text \<open>Expectations of self-adjoint operators are real; we take real parts.\<close>
definition fc_uncert :: "nat \<Rightarrow> real \<Rightarrow> fvec \<Rightarrow> real" where
  "fc_uncert L k chi = Re (fc_expect L (fc_xsq L k) chi)
      - (Re (fc_expect L (fc_x1 L k) chi))\<^sup>2 - (Re (fc_expect L (fc_x2 L k) chi))\<^sup>2"

end

(* x_- is the adjoint of x_+, so for z = <v, x_+ v> one gets <v, x_1 v> = Re z and
   <v, x_2 v> = Im z, while x_1^2 + x_2^2 = (x_+ x_- + x_- x_+)/2 is diagonal with entries
   (b_n^2 + b_(n+1)^2)/2.  Hence (Delta x)^2 = sum_n (b_n^2 + b_(n+1)^2)/2 |v_n|^2 / N - (|z|/N)^2
   with N = |v|^2.  The bound on k gives 1 <= b_n <= sqrt (1 + 1/(Lambda+1)^2) on the support
   of b.  For the cosine state, with theta = pi/(2 Lambda + 2), telescoping trigonometric
   sums give N = Lambda + 1 and sum_n chi_n chi_(n-1) = (Lambda + 1) cos theta, so
   (Delta x)^2 <= 1/(Lambda+1)^2 + sin^2 theta <= (1 + pi^2/4)/(Lambda+1)^2. *)

theory Submission
  imports Defs
begin

lemma fc_b_eq_0: "n \<notin> {1 - int L..int L} \<Longrightarrow> fc_b L k n = 0"
  by (auto simp: fc_b_def)

lemma fc_b_ge_1:
  assumes "0 \<le> k" and "n \<in> {1 - int L..int L}"
  shows "1 \<le> fc_b L k n"
proof -
  have "0 \<le> n * (n - 1)"
    by (cases "n \<ge> 1") (auto simp: mult_nonpos_nonpos)
  then have "0 \<le> real_of_int (n * (n - 1)) / k"
    using assms(1) by (simp only: divide_nonneg_nonneg of_int_0_le_iff)
  then show ?thesis
    using assms(2) by (simp add: fc_b_def)
qed

lemma fc_b_squared_le:
  assumes "0 \<le> k"
  shows "(fc_b L k n)\<^sup>2 \<le> 1 + (real L)\<^sup>2 / k"
proof (cases "n \<in> {1 - int L..int L}")
  case True
  have "0 \<le> n * (n - 1)"
    by (cases "n \<ge> 1") (auto simp: mult_nonpos_nonpos)
  then have "0 \<le> real_of_int (n * (n - 1)) / k"
    using assms by (simp only: divide_nonneg_nonneg of_int_0_le_iff)
  moreover have "real_of_int (n * (n - 1)) / k \<le> (real L)\<^sup>2 / k"
  proof -
    have "0 \<le> (int L - n) * (int L + n - 1)"
      using True by (intro mult_nonneg_nonneg) auto
    then have "n * (n - 1) \<le> (int L)\<^sup>2"
      by (simp add: power2_eq_square algebra_simps)
    then have "real_of_int (n * (n - 1)) \<le> real_of_int ((int L)\<^sup>2)"
      by (simp only: of_int_le_iff)
    then show ?thesis
      using assms by (intro divide_right_mono) simp_all
  qed
  ultimately show ?thesis
    using True by (simp add: fc_b_def)
qed (simp add: fc_b_eq_0 assms)

lemma fc_b_squared_le_of_large_k:
  assumes "real L ^ 2 * (real L + 1) ^ 2 \<le> k"
  shows "(fc_b L k n)\<^sup>2 \<le> 1 + 1 / (real L + 1)\<^sup>2"
proof -
  have "0 \<le> k"
    using assms by (meson order_trans zero_le_mult_iff zero_le_power2)
  have "(real L)\<^sup>2 / k \<le> 1 / (real L + 1)\<^sup>2"
  proof (cases "L = 0")
    case False
    then have "0 < (real L)\<^sup>2 * (real L + 1)\<^sup>2"
      by simp
    then have "(real L)\<^sup>2 / k \<le> (real L)\<^sup>2 / ((real L)\<^sup>2 * (real L + 1)\<^sup>2)"
      using assms by (intro divide_left_mono) simp_all
    then show ?thesis
      using False by simp
  qed simp
  then show ?thesis
    using fc_b_squared_le[OF \<open>0 \<le> k\<close>, of L n] by linarith
qed

lemma fc_inner_self: "fc_inner L v v = of_real (\<Sum>n\<in>fc_range L. (cmod (v n))\<^sup>2)"
  by (simp add: fc_inner_def complex_norm_square mult.commute flip: of_real_power)

lemma fc_inner_xplus:
  "fc_inner L u (fc_xplus L k v) =
     (\<Sum>n\<in>{1 - int L..int L}. of_real (fc_b L k n) * cnj (u n) * v (n - 1))"
proof -
  have "fc_range L = insert (- int L) {1 - int L..int L}"
    by (auto simp: fc_range_def)
  then show ?thesis
    by (simp add: fc_inner_def fc_xplus_def fc_b_eq_0 fc_range_def mult_ac)
qed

+===+

Activity: What is needed is an exact transcription of every record above.

The completed task:
text \<open>Expectations of self-adjoint operators are real; we take real parts.\<close>
definition fc_uncert :: "nat \<Rightarrow> real \<Rightarrow> fvec \<Rightarrow> real" where
  "fc_uncert L k chi = Re (fc_expect L (fc_xsq L k) chi)
      - (Re (fc_expect L (fc_x1 L k) chi))\<^sup>2 - (Re (fc_expect L (fc_x2 L k) chi))\<^sup>2"

end

(* x_- is the adjoint of x_+, so for z = <v, x_+ v> one gets <v, x_1 v> = Re z and
   <v, x_2 v> = Im z, while x_1^2 + x_2^2 = (x_+ x_- + x_- x_+)/2 is diagonal with entries
   (b_n^2 + b_(n+1)^2)/2.  Hence (Delta x)^2 = sum_n (b_n^2 + b_(n+1)^2)/2 |v_n|^2 / N - (|z|/N)^2
   with N = |v|^2.  The bound on k gives 1 <= b_n <= sqrt (1 + 1/(Lambda+1)^2) on the support
   of b.  For the cosine state, with theta = pi/(2 Lambda + 2), telescoping trigonometric
   sums give N = Lambda + 1 and sum_n chi_n chi_(n-1) = (Lambda + 1) cos theta, so
   (Delta x)^2 <= 1/(Lambda+1)^2 + sin^2 theta <= (1 + pi^2/4)/(Lambda+1)^2. *)

theory Submission
  imports Defs
begin

lemma fc_b_eq_0: "n \<notin> {1 - int L..int L} \<Longrightarrow> fc_b L k n = 0"
  by (auto simp: fc_b_def)

lemma fc_b_ge_1:
  assumes "0 \<le> k" and "n \<in> {1 - int L..int L}"
  shows "1 \<le> fc_b L k n"
proof -
  have "0 \<le> n * (n - 1)"
    by (cases "n \<ge> 1") (auto simp: mult_nonpos_nonpos)
  then have "0 \<le> real_of_int (n * (n - 1)) / k"
    using assms(1) by (simp only: divide_nonneg_nonneg of_int_0_le_iff)
  then show ?thesis
    using assms(2) by (simp add: fc_b_def)
qed

lemma fc_b_squared_le:
  assumes "0 \<le> k"
  shows "(fc_b L k n)\<^sup>2 \<le> 1 + (real L)\<^sup>2 / k"
proof (cases "n \<in> {1 - int L..int L}")
  case True
  have "0 \<le> n * (n - 1)"
    by (cases "n \<ge> 1") (auto simp: mult_nonpos_nonpos)
  then have "0 \<le> real_of_int (n * (n - 1)) / k"
    using assms by (simp only: divide_nonneg_nonneg of_int_0_le_iff)
  moreover have "real_of_int (n * (n - 1)) / k \<le> (real L)\<^sup>2 / k"
  proof -
    have "0 \<le> (int L - n) * (int L + n - 1)"
      using True by (intro mult_nonneg_nonneg) auto
    then have "n * (n - 1) \<le> (int L)\<^sup>2"
      by (simp add: power2_eq_square algebra_simps)
    then have "real_of_int (n * (n - 1)) \<le> real_of_int ((int L)\<^sup>2)"
      by (simp only: of_int_le_iff)
    then show ?thesis
      using assms by (intro divide_right_mono) simp_all
  qed
  ultimately show ?thesis
    using True by (simp add: fc_b_def)
qed (simp add: fc_b_eq_0 assms)

lemma fc_b_squared_le_of_large_k:
  assumes "real L ^ 2 * (real L + 1) ^ 2 \<le> k"
  shows "(fc_b L k n)\<^sup>2 \<le> 1 + 1 / (real L + 1)\<^sup>2"
proof -
  have "0 \<le> k"
    using assms by (meson order_trans zero_le_mult_iff zero_le_power2)
  have "(real L)\<^sup>2 / k \<le> 1 / (real L + 1)\<^sup>2"
  proof (cases "L = 0")
    case False
    then have "0 < (real L)\<^sup>2 * (real L + 1)\<^sup>2"
      by simp
    then have "(real L)\<^sup>2 / k \<le> (real L)\<^sup>2 / ((real L)\<^sup>2 * (real L + 1)\<^sup>2)"
      using assms by (intro divide_left_mono) simp_all
    then show ?thesis
      using False by simp
  qed simp
  then show ?thesis
    using fc_b_squared_le[OF \<open>0 \<le> k\<close>, of L n] by linarith
qed

lemma fc_inner_self: "fc_inner L v v = of_real (\<Sum>n\<in>fc_range L. (cmod (v n))\<^sup>2)"
  by (simp add: fc_inner_def complex_norm_square mult.commute flip: of_real_power)

lemma fc_inner_xplus:
  "fc_inner L u (fc_xplus L k v) =
     (\<Sum>n\<in>{1 - int L..int L}. of_real (fc_b L k n) * cnj (u n) * v (n - 1))"
proof -
  have "fc_range L = insert (- int L) {1 - int L..int L}"
    by (auto simp: fc_range_def)
  then show ?thesis
    by (simp add: fc_inner_def fc_xplus_def fc_b_eq_0 fc_range_def mult_ac)
qed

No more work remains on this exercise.